Some of those some of the people do attend multiple Trump rallies because they’re groupies interested in the show. An unknown number of them, even unknown by the august Zeleny. Many more, though, attend multiple Trump rallies, not because they’re obsessed, but because they are interested enough and following things along, and want to hear things straight from the horse’s mouth. And they—we–can’t trust the media to present his rallies honestly and with balance. Zeleny chose to claim the one set of frequent attendees were the whole of the frequent attendees, completely ignoring even the possibility of the other set’s existence.
And this bit by Ana Ceballos of The Miami Herald:
…DeSantis never made “small talk” with reporters….
He won’t hobnob with reporters. What a precious whine.
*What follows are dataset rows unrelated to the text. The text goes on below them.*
lemma norm_qpoch_inf_ge_crossing_index:
  fixes q a b :: real
  assumes q: "0 < q" "q < 1" and a: "1 \<le> a"
    and m: "1 \<le> a * q ^ m" "q \<le> a * q ^ Suc m" "a * q ^ Suc m \<le> 1"
    and u: "\<bar>real m - ln a / ln (1/q)\<bar> \<le> 1"
  shows "(1 - q) ^ m * exp ((ln a)^2 / (2 * ln (1/q)) - ln a / 2)
           * (max (b^2) ((a * q ^ m - 1) * (1 - a * q ^ Suc m)) * (q / a)^2)
           * exp (- 1 / (1 - q)^2)
         \<le> norm (qpoch_inf (Complex a b) q)"
proof -
  define g where "g j = norm (1 - Complex a b * complex_of_real q ^ j)" for j
  have head: "(1 - q) * (a * q ^ j) \<le> g j" if "j < m" for j
  proof -
    have "a * q ^ m \<le> a * q ^ Suc j"
      using q a that by (intro mult_left_mono power_decreasing) auto
    hence "1 \<le> a * q ^ Suc j" using m(1) by linarith
    hence "(1 - q) * (a * q ^ j) \<le> \<bar>1 - a * q ^ j\<bar>" by (simp add: algebra_simps)
    thus ?thesis using norm_qpoch_factor_ge_Re[of a q j b] by (simp add: g_def)
  qed
  have "(1 - q) ^ m * exp ((ln a)^2 / (2 * ln (1/q)) - ln a / 2)
          * (max (b^2) ((a * q ^ m - 1) * (1 - a * q ^ Suc m)) * (q / a)^2)
        \<le> (\<Prod>j<m. g j) * (g m * g (Suc m))"
  proof (rule mult_mono)
    show "(1 - q) ^ m * exp ((ln a)^2 / (2 * ln (1/q)) - ln a / 2) \<le> (\<Prod>j<m. g j)"
      using q head by (intro prod_ge_exp_square[OF q a u]) auto
    show "max (b^2) ((a * q ^ m - 1) * (1 - a * q ^ Suc m)) * (q / a)^2 \<le> g m * g (Suc m)"
      unfolding g_def by (rule norm_qpoch_factor_pair_ge[OF q a m])
  qed (auto simp: g_def prod_nonneg le_max_iff_disj)
  also have "\<dots> = (\<Prod>j<Suc (Suc m). g j)" by (simp add: mult.assoc)
  moreover have "exp (- 1 / (1 - q)^2) \<le> (\<Prod>i<n. g (Suc (Suc m) + i))" for n
  proof -
    have x: "a * q ^ (Suc (Suc m) + i) = (a * q ^ Suc m) * q ^ Suc i" for i
      by (simp add: power_add mult_ac)
    have x_bound:
      "0 \<le> a * q ^ (Suc (Suc m) + i) \<and> a * q ^ (Suc (Suc m) + i) \<le> q ^ Suc i" for i
    proof
      have "0 \<le> a * q ^ Suc m" using q m(2) by linarith
      thus "0 \<le> a * q ^ (Suc (Suc m) + i)" unfolding x using q by simp
      show "a * q ^ (Suc (Suc m) + i) \<le> q ^ Suc i"
        unfolding x using q mult_right_mono[OF m(3), of "q ^ Suc i"] by simp
    qed
    have "exp (- 1 / (1 - q)^2) \<le> (\<Prod>i<n. 1 - a * q ^ (Suc (Suc m) + i))"
      using q x_bound by (intro prod_one_minus_ge_exp) auto
    also have "\<dots> \<le> (\<Prod>i<n. g (Suc (Suc m) + i))"
    proof (intro prod_mono conjI)
      fix i
      show "0 \<le> 1 - a * q ^ (Suc (Suc m) + i)"
        using x_bound[of i] power_le_one[of q "Suc i"] q by linarith
      thus "1 - a * q ^ (Suc (Suc m) + i) \<le> g (Suc (Suc m) + i)"
        using norm_qpoch_factor_ge_Re[of a q "Suc (Suc m) + i" b] by (simp add: g_def)
    qed
    finally show ?thesis .
  qed
  ultimately show ?thesis
    using norm_qpoch_inf_ge_head_tail[where m = "Suc (Suc m)"] q unfolding g_def by simp
qed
More seriously: why would he make “small talk” when journalists are just going to print some of those off-the-record small talk remarks whenever those remarks are convenient to the journalists’ predetermined narrative, all the while attributing them to leaks by “a person familiar with the exchange” or a “high official?”
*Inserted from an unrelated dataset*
(* Let $G$ be a structured single-touch computation DAG, and consider its sequential execution (one processor, parsimonious work stealing, future thread first at every fork). Then for every touch $x$ in $G$, with corresponding fork $v$: (i) the future parent of $x$ is executed before the local parent of $x$; and (ii) the right child of $v$ is the node executed immediately after the future parent of $x$.
   Context: Computation model. A future-parallel computation is a finite DAG whose nodes are tasks. Every node has in-degree and out-degree in $\{1,2\}$, except a distinguished root node (in-degree $0$) and a distinguished final node (out-degree $0$). Edges are of three types: continuation edges, future edges and touch edges. A thread is a maximal chain of nodes connected by continuation edges. The main thread begins at the root and ends at the final node. Every other thread $t$ begins at a node with an incoming future edge from a node $v$ of another thread $t'$; then $v$ is the fork of $t$, $t'$ is the parent thread of $t$, and $t$ is the future thread at $v$. A fork $v$ has two children: the first node of $t$ (the left child) and the continuation successor of $v$ in $t'$ (the right child); both have in-degree $1$ and are not touches. The last node of every non-main thread has exactly one outgoing edge, which is a touch edge into another thread. If there is a touch edge from a node $v_1$ of thread $t_1$ to a node $v_2$ of thread $t_2\neq t_1$, and a continuation edge from $u_2$ to $v_2$, then $v_2$ is a touch of $t_1$ (a touch by $t_2$, i.e. it lies in $t_2$), $v_1$ is its future parent, $u_2$ its local parent, $t_1$ its future thread, and the fork of $t_1$ is its corresponding fork. A node $w$ is a descendant of a node $u$ if there is a directed path from $u$ to $w$. A DAG is a structured future-parallel computation if for the future thread $t$ of any fork $v$: (1) the local parents of the touches of $t$ are descendants of $v$, and (2) at least one touch of $t$ is a descendant of the right child of $v$. It is a structured single-touch computation if, in addition, each future thread $t$ spawned at a fork $v$ has exactly one touch, and this touch is a descendant of the right child of $v$ (its future parent is then the last node of $t$). Scheduler. In parsimonious work stealing with $P$ processors, each processor has a deque. A node is ready when all its parents have been executed. After executing a node of out-degree 1, a processor continues with its child if that child is ready. After executing a fork, it pushes one child onto the bottom of its deque and executes the other; "future thread first" means it executes the left child (first node of the future thread) and pushes the right child. When a processor has no node to execute, it pops the bottom node of its own deque if nonempty, and otherwise steals the top node of the deque of some other processor. The sequential execution is the execution with $P=1$. *)

theory Defs
  imports Main
begin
(Aside: there was a time when editors required at least two on-the-record sources to corroborate anonymous “person familiar” or “high official” claims. Editors have long since walked away from that standard. What concrete, measurable, publicly available standard of journalistic integrity do editors use today?)
Ceballos went on, on the subject of a claimed desire to build trust of the journalist by the staffer and/or politician:
They [DeSantis’ staffers] don’t often get on the phone, either, because they want everything in writing just in case they can attack you for it. So it’s really difficult to even have candid conversations with them and just an on-background, off-the-record conversation.
Yeah. It couldn’t possibly be because they need the written record so they can defend themselves or their administration when journalists leak and distort the on-background, off-the-record remarks in order to attack them. Trust goes both ways.
A canonical example of that lack of trustworthiness, that deliberate distortion, that contempt for us in thinking we’re too grindingly stupid to decide for ourselves how to interpret what we hear, is in their presentation of Trump’s Asheville, NC, speech late in his 2016 campaign. “Journalists” covering the speech, and others merely repeating what their fellows wrote, accurately quoted Trump as saying that there were “good people on both sides of the argument.” But the lie, and the contempt for us inherent in their lie, was in the “journalists'” decision to strip off the context of Trump’s remark and to claim that Trump was talking about the rioters that rioted. Even a casual perusal of the transcript of that speech—unneeded by all those who were present and heard what Trump actually said—demonstrates that far from drawing equivalence regarding the rioters, Trump was plainly talking about the debate over whether certain statues should be torn down or relocated.
The attendees at the Campaign Journalism Conference also seem to have ignored the press’ penchant for rewriting history to attempt to erase their past distortions when they’re caught out. News outlets routinely rewrite headlines when their inaccuracies are exposed, doing it on the sly without fanfare, expecting that we’re too stupid to notice. They do the same with later-exposed errors in the body of their articles, and for the same reason. This is nothing but naked revisionist history that would make any propagandist proud. The honest, the respectful, thing for these outlets to do would be to acknowledge their errors with the same prominence in which they made them and print their correction—their errata, if you will—at the head of the article in which the error was made, while leaving the article and headline otherwise intact.
One more item the conference attendees seem to have ignored: The New York Times‘ front-page announcement during Trump’s 2016 campaign that there should be no more objectivity in news reporting vis-à-vis Trump; journalists should take sides. This was followed by a broadcast news media anchor claiming in all seriousness that there are not two sides to every story. Only one side, very often, was fit to be presented.
The “news” media mavens’ contempt for us ordinary Americans is no perception. They really are contemptuous of us. Zeleny put that on clear display; so did Ceballos. These “journalists,” in their oh-so-much-smarter-than-us obliviousness, their breathtaking thin-skinned-ness, can’t even recognize the contempt they have for so many Americans in their own remarks. This is reminiscent of a politician’s claim that millions of Americans are irredeemable and deplorable. And of another politician’s claim that 15% of us are just no good.
This is what passes for journalism today. This is the actual contempt for us that journalists have.